So it's interesting because at scraping hub, we often do webinars

for people. And this question

always comes up in some shape or form.

Is web scraping legal? How you can do it so it's legal?

Like, there are some general guidelines about web scraping, which I'm gonna share now, but scraping hub, we have a legal team that makes sure that everything what we are doing as far as web scraping is legal and obviously, I'm not a lawyer. So what I'm gonna say is not any kind of legal advice, but there are some general guidelines.

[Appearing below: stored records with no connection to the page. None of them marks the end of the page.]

text \<open>Y i = X i - i m / n is n-periodic and translates by a constant under i \<mapsto> i + k;
  comparing Y (n k) both ways makes that constant 0 and gives k m - c n = 1, so Y has
  coprime periods k and n.\<close>
lemma lift_arithmetic_if_rotation_preserving:
  assumes X: "is_lift \<gamma> Z X" and X_period: "\<And>i. X (i + int n) = X i + real m"
    and k: "\<forall>i. rotR n (Z i) = Z (k + i)"
  shows "X i = X 0 + of_int i * (real m / real n)"
proof -
  define Y where "Y i = X i - of_int i * (real m / real n)" for i
  have Y_n: "Y (i + int n) = Y i" for i
    unfolding Y_def using X_period[of i] n_pos by (simp add: field_simps)
  define f where "f i = X (k + i) - X i - 1 / real n" for i
  have "f i \<in> \<int>" for i
  proof -
    have "\<gamma> (X (k + i)) = rotR n (\<gamma> (X i))"
      using k X unfolding is_lift_def by simp
    then have "\<gamma> (X (k + i)) = \<gamma> (X i + 1 / real n)"
      by (simp only: gamma_rotR)
    then show ?thesis unfolding f_def gamma_eq_iff by (simp add: algebra_simps)
  qed
  moreover have "\<bar>f (i + 1) - f i\<bar> < 1" for i
    using lift_step_bounds[OF X, of i] lift_step_bounds[OF X, of "k + i"]
    unfolding f_def by (simp add: abs_less_iff algebra_simps)
  ultimately have f_const: "f i = f 0" for i
    by (rule Ints_seq_const_if_small_steps[of f])
  obtain c where c: "f 0 = of_int c"
    using \<open>f 0 \<in> \<int>\<close> by (auto elim: Ints_cases)
  have X_k: "X (k + i) = X i + 1 / real n + of_int c" for i
    using f_const[of i] c unfolding f_def by linarith
  define \<delta> where "\<delta> = 1 / real n + of_int c - of_int k * (real m / real n)"
  have Y_k: "Y (i + k) = Y i + \<delta>" for i
    unfolding Y_def \<delta>_def using X_k[of i] by (simp add: algebra_simps add_divide_distrib)
  have "Y (0 + int n * k) = Y 0 + of_int (int n) * \<delta>"
    by (rule int_seq_translate_mult[where X = Y, OF Y_k])
  moreover have "Y (0 + k * int n) = Y 0"
    by (rule int_seq_periodic_mult[where f = Y, OF Y_n])
  ultimately have "\<delta> = 0"
    using n_pos by (simp add: mult.commute)
  then have "real n * (1 / real n + of_int c) = real n * (of_int k * (real m / real n))"
    unfolding \<delta>_def by simp
  then have "1 + of_int c * real n = of_int k * real m"
    using n_pos by (simp add: algebra_simps)
  then have "real_of_int (int m * k + (- c) * int n) = 1"
    by (simp add: algebra_simps)
  then have bezout: "int m * k + (- c) * int n = 1"
    by (simp only: of_int_eq_1_iff)
  have "Y (i + k) = Y i" for i
    using Y_k \<open>\<delta> = 0\<close> by simp
  from int_seq_const_if_coprime_periods[where f = Y, OF this Y_n bezout]
  have "Y i = Y 0" .
  then show ?thesis
    unfolding Y_def by (simp add: diff_eq_eq)
qed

So for example, it's important that web scraping itself

is legal, but it really matters

how you get the data,

how polite you are while getting the data. And also, you mentioned copyright. It's it's important that what you do with the data after you scraped it. So

with the first part, how polite you are when scraping a website. It's very it's very easy with web scraping to to ignore

the rules

that the website

has

and that you should follow. So for example,

let's say you want to scrape a website, what you should do

to make sure that you are being polite because it's really important

from a legal standpoint, but also from an ethical standpoint. So first of all, there is a a file that is all almost always available on websites, which is the robots text file.

And when you're scraping

the website, you should always follow the rules

that are defined in the robots. Txt file. So for example,

if you wanna be polite and the robots. Txt file says that between, I don't know, between 2 requests, you should have a delay of 3 seconds, for example,

then you should put that delay

between requests in your scraper.

So the very first thing you could do to respect the website is to follow the rules defined in the robots. Txt file. But, generally,

you just don't want to hit the website too hard. Because if you hit the website too hard, there is a chance that it will

go down, it will shut down, which is not good. You don't want to do that. You want to be polite and you want to respect the website.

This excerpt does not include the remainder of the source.